From Horology magazine, September 1937

Determining a Horologist's Ability

THE FOLLOWING letter from a subscriber offers a practical solution to a problem which has been a source of worry to every jeweler employing a horologist.

Editor HOROLOGY,
Dear Sir:
Although I am not a watchmaker but the proprietor of a jewelry store, I have been a subscriber to and reader of HOROLOGY for the past three years, and through your columns have learned to realize that it is impossible for an employer or store owner to determine the quality of work done by the watchmaker by mere observation.

For years the store owner has been accepting repaired watches from the watchmaker and delivering them to his customers without any means of checking the work done, with the result that in many instances the store owner is made the innocent victim of the customers' ire, as well as loss of patronage and long established friendships through the carelessness or incompetence of the workman intrusted with the work.

However, the various articles published in HOROLOGY on the testing of watches by the watch rate recorder suggest that this method could be successfully employed at the time of hiring a watchmaker and for the testing of new and repaired watches.

Purchasing new watches is a gamble, a certain percentage being found out of order, both before and after a sale has been made, necessitating the watches being sent to the repair department to be put in order at the expense of the sales department.

The watch rate recorder, as I now see it, offers a solution to the employers' problems bv requiring the watchmaker to furnish a printed watch rate recorder certificate with each watch repaired.
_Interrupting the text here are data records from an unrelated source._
(* In a finite dynamic game as described in the context, if $K^i$ is unilaterally sufficient information for player $i$, then for every Bayes–Nash equilibrium behavioral strategy profile $g=(g^j)_{j\in\mathcal{I}}$ there exists a $K^i$-based strategy $\rho^i$ such that $(\rho^i,g^{-i})$ is a Bayes–Nash equilibrium and $J^j(\rho^i,g^{-i})=J^j(g)$ for all $j\in\mathcal{I}$.
   Context: Game model: finite set of players $\mathcal{I}$, times $\mathcal{T}=\{1,\dots,T\}$. At time $t$ each player $i$ takes action $U_t^i\in\mathcal{U}_t^i$, obtains reward $R_t^i\in[-1,1]$ and learns new information $Z_t^i\in\mathcal{Z}_t^i$. There is a state $X_t\in\mathcal{X}_t$ with $(X_{t+1},Z_t,R_t)=f_t(X_t,U_t,W_t)$ for fixed functions $f_t$. Primitive random variables $(X_1,H_1)$ and $W_1,\dots,W_T$ are mutually independent with commonly known distributions. All sets are finite. Perfect recall: $H_t^i=(H_1^i,Z_{1:t-1}^i)\in\mathcal{H}_t^i$, and $U_t^i$ is a component of $Z_t^i$. Behavioral strategy $g_t^i:\mathcal{H}_t^i\to\Delta(\mathcal{U}_t^i)$; payoff $J^j(g)=\mathbb{E}^g[\sum_t R_t^j]$. A profile $g$ is a Bayes–Nash equilibrium if $J^j(g)\ge J^j(\tilde g^j,g^{-j})$ for all $j$ and all behavioral $\tilde g^j$. A realization is admissible under $g$ if it has positive probability under $g$. Compression: $K_1^i=\iota_1^i(H_1^i)$, $K_t^i=\iota_t^i(K_{t-1}^i,Z_{t-1}^i)$ for fixed maps, finite value sets $\mathcal{K}_t^i$; $k_t^i$ is the compression of $h_t^i$; a $K^i$-based strategy has $\rho_t^i:\mathcal{K}_t^i\to\Delta(\mathcal{U}_t^i)$. Unilaterally sufficient information (USI): $K^i$ is USI for player $i$ if there exist $F_t^{i,g^i}:\mathcal{K}_t^i\to\Delta(\mathcal{H}_t^i)$ depending only on $g^i$ and $\Phi_t^{i,g^{-i}}:\mathcal{K}_t^i\to\Delta(\mathcal{X}_t\times\mathcal{H}_t^{-i})$ depending only on $g^{-i}$ with $\Pr^g(x_t,h_t\mid k_t^i)=F_t^{i,g^i}(h_t^i\mid k_t^i)\Phi_t^{i,g^{-i}}(x_t,h_t^{-i}\mid k_t^i)$ for all behavioral profiles $g$, all $t$, all $k_t^i$ admissible under $g$ (with $x_t,h_t^i,h_t^{-i}$ ranging independently; the left side is $0$ if they disagree on shared components). *)

theory Defs
  imports "HOL-Probability.Probability"
begin

text \<open>Times are indexed 0-based: the paper's time t in {1..T}
  corresponds to index t-1 < T.  A history H_t^i = (H_1^i, Z_{1:t-1}^i) is represented
  as a pair (initial private information, list of observations so far).\<close>

type_synonym ('h,'z) hist = "'h \<times> 'z list"

record ('i,'x,'h,'u,'z,'w) game =
  horizon :: nat
  init    :: "('x \<times> ('i \<Rightarrow> 'h)) pmf"
  noise   :: "nat \<Rightarrow> 'w pmf"
  dyn     :: "nat \<Rightarrow> 'x \<Rightarrow> ('i \<Rightarrow> 'u) \<Rightarrow> 'w \<Rightarrow> 'x \<times> ('i \<Rightarrow> 'z) \<times> ('i \<Rightarrow> real)"
                                                   \<comment> \<open>f_t : (X_t,U_t,W_t) to (X_{t+1},Z_t,R_t)\<close>
  acts    :: "nat \<Rightarrow> 'i \<Rightarrow> 'u set"
  act_of  :: "nat \<Rightarrow> 'i \<Rightarrow> 'z \<Rightarrow> 'u"              \<comment> \<open>U_t^i is a component of Z_t^i\<close>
This would require a higher standard of workmanship resulting in increased wages for the competent workman, and eventual elimination of the incompetent and uneducated worker who is non-progressive, and is usually a threat and a menace to his emplover and a destroyer of harmony in his craft.

The equipment of a central testing station in each of the large cities where watches could be tested at very small cost offers a fair and equitable means of securing high grade work and at the same time protecting the employer and jeweler against unscrupulous dictatorship which he now faces through intimidation and coercion.

In conclusion, I suggest that representatives of well known jewelry stores, members of the executive boards of the horological Associations, heads of wholesale material houses and trade shops meet and freely and conscientiously discuss the problems now confronting the watchmaking craft.